====== SUPPLIED MATERIAL
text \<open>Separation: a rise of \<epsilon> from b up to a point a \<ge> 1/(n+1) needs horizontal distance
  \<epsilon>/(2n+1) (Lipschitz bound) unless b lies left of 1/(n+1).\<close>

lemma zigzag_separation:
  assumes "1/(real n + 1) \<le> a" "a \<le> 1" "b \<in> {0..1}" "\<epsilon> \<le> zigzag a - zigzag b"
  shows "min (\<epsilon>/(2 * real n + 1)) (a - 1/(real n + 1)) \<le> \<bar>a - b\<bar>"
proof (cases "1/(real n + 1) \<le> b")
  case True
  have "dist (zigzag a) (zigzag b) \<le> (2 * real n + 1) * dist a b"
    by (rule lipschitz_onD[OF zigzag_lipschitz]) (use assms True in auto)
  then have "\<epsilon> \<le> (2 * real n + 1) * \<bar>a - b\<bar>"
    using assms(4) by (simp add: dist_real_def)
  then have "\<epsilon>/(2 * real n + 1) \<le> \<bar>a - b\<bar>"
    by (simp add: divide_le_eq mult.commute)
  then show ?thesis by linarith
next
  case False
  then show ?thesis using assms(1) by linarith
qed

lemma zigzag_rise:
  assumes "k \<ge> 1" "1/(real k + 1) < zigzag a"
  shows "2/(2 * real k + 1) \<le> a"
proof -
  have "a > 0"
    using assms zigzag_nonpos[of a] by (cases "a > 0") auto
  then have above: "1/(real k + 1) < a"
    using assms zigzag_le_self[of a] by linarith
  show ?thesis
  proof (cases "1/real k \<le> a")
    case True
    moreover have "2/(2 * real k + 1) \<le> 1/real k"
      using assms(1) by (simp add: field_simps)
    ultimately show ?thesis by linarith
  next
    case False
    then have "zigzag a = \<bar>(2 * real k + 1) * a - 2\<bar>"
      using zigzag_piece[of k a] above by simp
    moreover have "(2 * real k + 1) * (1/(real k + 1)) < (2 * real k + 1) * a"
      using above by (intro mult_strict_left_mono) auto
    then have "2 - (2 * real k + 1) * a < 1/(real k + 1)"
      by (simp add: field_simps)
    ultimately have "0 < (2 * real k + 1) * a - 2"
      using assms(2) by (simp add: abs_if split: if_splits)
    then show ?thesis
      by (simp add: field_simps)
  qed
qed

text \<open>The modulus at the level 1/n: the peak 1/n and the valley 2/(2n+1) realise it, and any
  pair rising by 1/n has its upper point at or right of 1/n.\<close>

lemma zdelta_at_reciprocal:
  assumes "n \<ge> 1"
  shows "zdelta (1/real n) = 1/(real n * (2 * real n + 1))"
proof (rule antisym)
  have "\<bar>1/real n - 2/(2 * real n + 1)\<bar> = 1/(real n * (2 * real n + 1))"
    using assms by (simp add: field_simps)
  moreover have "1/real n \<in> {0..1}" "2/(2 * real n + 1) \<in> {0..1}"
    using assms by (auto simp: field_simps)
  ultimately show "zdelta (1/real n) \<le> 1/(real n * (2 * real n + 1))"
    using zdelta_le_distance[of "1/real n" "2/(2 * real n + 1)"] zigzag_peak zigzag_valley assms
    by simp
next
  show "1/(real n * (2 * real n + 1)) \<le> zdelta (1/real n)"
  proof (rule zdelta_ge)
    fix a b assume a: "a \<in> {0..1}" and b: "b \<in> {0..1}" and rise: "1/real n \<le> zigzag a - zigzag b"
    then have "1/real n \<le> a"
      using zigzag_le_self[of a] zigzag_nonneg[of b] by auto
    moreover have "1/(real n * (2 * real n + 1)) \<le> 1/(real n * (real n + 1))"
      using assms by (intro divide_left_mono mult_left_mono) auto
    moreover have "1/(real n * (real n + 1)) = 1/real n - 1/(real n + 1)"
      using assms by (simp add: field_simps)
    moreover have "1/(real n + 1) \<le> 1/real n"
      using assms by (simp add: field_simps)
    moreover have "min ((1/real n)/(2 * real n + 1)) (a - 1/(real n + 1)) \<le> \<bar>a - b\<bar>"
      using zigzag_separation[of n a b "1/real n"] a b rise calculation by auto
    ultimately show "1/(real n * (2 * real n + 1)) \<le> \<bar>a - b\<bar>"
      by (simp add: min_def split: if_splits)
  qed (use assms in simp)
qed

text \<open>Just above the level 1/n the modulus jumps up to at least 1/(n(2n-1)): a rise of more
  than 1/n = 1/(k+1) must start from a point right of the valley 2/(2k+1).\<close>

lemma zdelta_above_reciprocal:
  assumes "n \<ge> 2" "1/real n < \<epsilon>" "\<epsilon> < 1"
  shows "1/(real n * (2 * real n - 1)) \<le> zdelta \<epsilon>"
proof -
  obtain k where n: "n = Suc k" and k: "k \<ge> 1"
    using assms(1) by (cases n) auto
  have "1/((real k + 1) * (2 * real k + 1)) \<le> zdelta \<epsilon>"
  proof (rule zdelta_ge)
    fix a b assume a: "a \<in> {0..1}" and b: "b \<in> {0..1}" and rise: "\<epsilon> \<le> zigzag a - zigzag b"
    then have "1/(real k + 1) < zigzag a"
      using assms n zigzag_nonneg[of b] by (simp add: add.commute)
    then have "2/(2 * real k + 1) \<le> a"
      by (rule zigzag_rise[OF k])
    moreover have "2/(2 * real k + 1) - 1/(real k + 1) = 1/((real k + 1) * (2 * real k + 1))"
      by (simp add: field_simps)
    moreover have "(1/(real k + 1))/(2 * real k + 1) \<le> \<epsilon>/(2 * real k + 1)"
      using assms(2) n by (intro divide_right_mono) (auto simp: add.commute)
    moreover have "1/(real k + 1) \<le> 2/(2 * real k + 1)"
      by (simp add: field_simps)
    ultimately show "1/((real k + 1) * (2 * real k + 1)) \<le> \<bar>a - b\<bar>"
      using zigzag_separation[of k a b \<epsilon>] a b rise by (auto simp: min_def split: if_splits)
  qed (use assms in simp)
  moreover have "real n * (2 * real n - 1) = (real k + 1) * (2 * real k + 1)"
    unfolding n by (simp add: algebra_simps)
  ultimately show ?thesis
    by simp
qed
============
» WHAT YOU WILL DO: Going line by line, copy the data above exactly.

» ANSWER BOX:
text \<open>Separation: a rise of \<epsilon> from b up to a point a \<ge> 1/(n+1) needs horizontal distance
  \<epsilon>/(2n+1) (Lipschitz bound) unless b lies left of 1/(n+1).\<close>

lemma zigzag_separation:
  assumes "1/(real n + 1) \<le> a" "a \<le> 1" "b \<in> {0..1}" "\<epsilon> \<le> zigzag a - zigzag b"
  shows "min (\<epsilon>/(2 * real n + 1)) (a - 1/(real n + 1)) \<le> \<bar>a - b\<bar>"
proof (cases "1/(real n + 1) \<le> b")
  case True
  have "dist (zigzag a) (zigzag b) \<le> (2 * real n + 1) * dist a b"
    by (rule lipschitz_onD[OF zigzag_lipschitz]) (use assms True in auto)
  then have "\<epsilon> \<le> (2 * real n + 1) * \<bar>a - b\<bar>"
    using assms(4) by (simp add: dist_real_def)
  then have "\<epsilon>/(2 * real n + 1) \<le> \<bar>a - b\<bar>"
    by (simp add: divide_le_eq mult.commute)
  then show ?thesis by linarith
next
  case False
  then show ?thesis using assms(1) by linarith
qed

lemma zigzag_rise:
  assumes "k \<ge> 1" "1/(real k + 1) < zigzag a"
  shows "2/(2 * real k + 1) \<le> a"
proof -
  have "a > 0"
    using assms zigzag_nonpos[of a] by (cases "a > 0") auto
  then have above: "1/(real k + 1) < a"
    using assms zigzag_le_self[of a] by linarith
  show ?thesis
  proof (cases "1/real k \<le> a")
    case True
    moreover have "2/(2 * real k + 1) \<le> 1/real k"
      using assms(1) by (simp add: field_simps)
    ultimately show ?thesis by linarith
  next
    case False
    then have "zigzag a = \<bar>(2 * real k + 1) * a - 2\<bar>"
      using zigzag_piece[of k a] above by simp
    moreover have "(2 * real k + 1) * (1/(real k + 1)) < (2 * real k + 1) * a"
      using above by (intro mult_strict_left_mono) auto
    then have "2 - (2 * real k + 1) * a < 1/(real k + 1)"
      by (simp add: field_simps)
    ultimately have "0 < (2 * real k + 1) * a - 2"
      using assms(2) by (simp add: abs_if split: if_splits)
    then show ?thesis
      by (simp add: field_simps)
  qed
qed

text \<open>The modulus at the level 1/n: the peak 1/n and the valley 2/(2n+1) realise it, and any
  pair rising by 1/n has its upper point at or right of 1/n.\<close>

lemma zdelta_at_reciprocal:
  assumes "n \<ge> 1"
  shows "zdelta (1/real n) = 1/(real n * (2 * real n + 1))"
proof (rule antisym)
  have "\<bar>1/real n - 2/(2 * real n + 1)\<bar> = 1/(real n * (2 * real n + 1))"
    using assms by (simp add: field_simps)
  moreover have "1/real n \<in> {0..1}" "2/(2 * real n + 1) \<in> {0..1}"
    using assms by (auto simp: field_simps)
  ultimately show "zdelta (1/real n) \<le> 1/(real n * (2 * real n + 1))"
    using zdelta_le_distance[of "1/real n" "2/(2 * real n + 1)"] zigzag_peak zigzag_valley assms
    by simp
next
  show "1/(real n * (2 * real n + 1)) \<le> zdelta (1/real n)"
  proof (rule zdelta_ge)
    fix a b assume a: "a \<in> {0..1}" and b: "b \<in> {0..1}" and rise: "1/real n \<le> zigzag a - zigzag b"
    then have "1/real n \<le> a"
      using zigzag_le_self[of a] zigzag_nonneg[of b] by auto
    moreover have "1/(real n * (2 * real n + 1)) \<le> 1/(real n * (real n + 1))"
      using assms by (intro divide_left_mono mult_left_mono) auto
    moreover have "1/(real n * (real n + 1)) = 1/real n - 1/(real n + 1)"
      using assms by (simp add: field_simps)
    moreover have "1/(real n + 1) \<le> 1/real n"
      using assms by (simp add: field_simps)
    moreover have "min ((1/real n)/(2 * real n + 1)) (a - 1/(real n + 1)) \<le> \<bar>a - b\<bar>"
      using zigzag_separation[of n a b "1/real n"] a b rise calculation by auto
    ultimately show "1/(real n * (2 * real n + 1)) \<le> \<bar>a - b\<bar>"
      by (simp add: min_def split: if_splits)
  qed (use assms in simp)
qed

text \<open>Just above the level 1/n the modulus jumps up to at least 1/(n(2n-1)): a rise of more
  than 1/n = 1/(k+1) must start from a point right of the valley 2/(2k+1).\<close>

lemma zdelta_above_reciprocal:
  assumes "n \<ge> 2" "1/real n < \<epsilon>" "\<epsilon> < 1"
  shows "1/(real n * (2 * real n - 1)) \<le> zdelta \<epsilon>"
proof -
  obtain k where n: "n = Suc k" and k: "k \<ge> 1"
    using assms(1) by (cases n) auto
  have "1/((real k + 1) * (2 * real k + 1)) \<le> zdelta \<epsilon>"
  proof (rule zdelta_ge)
    fix a b assume a: "a \<in> {0..1}" and b: "b \<in> {0..1}" and rise: "\<epsilon> \<le> zigzag a - zigzag b"
    then have "1/(real k + 1) < zigzag a"
      using assms n zigzag_nonneg[of b] by (simp add: add.commute)
    then have "2/(2 * real k + 1) \<le> a"
      by (rule zigzag_rise[OF k])
    moreover have "2/(2 * real k + 1) - 1/(real k + 1) = 1/((real k + 1) * (2 * real k + 1))"
      by (simp add: field_simps)
    moreover have "(1/(real k + 1))/(2 * real k + 1) \<le> \<epsilon>/(2 * real k + 1)"
      using assms(2) n by (intro divide_right_mono) (auto simp: add.commute)
    moreover have "1/(real k + 1) \<le> 2/(2 * real k + 1)"
      by (simp add: field_simps)
    ultimately show "1/((real k + 1) * (2 * real k + 1)) \<le> \<bar>a - b\<bar>"
      using zigzag_separation[of k a b \<epsilon>] a b rise by (auto simp: min_def split: if_splits)
  qed (use assms in simp)
  moreover have "real n * (2 * real n - 1) = (real k + 1) * (2 * real k + 1)"
    unfolding n by (simp add: algebra_simps)
  ultimately show ?thesis
    by simp
qed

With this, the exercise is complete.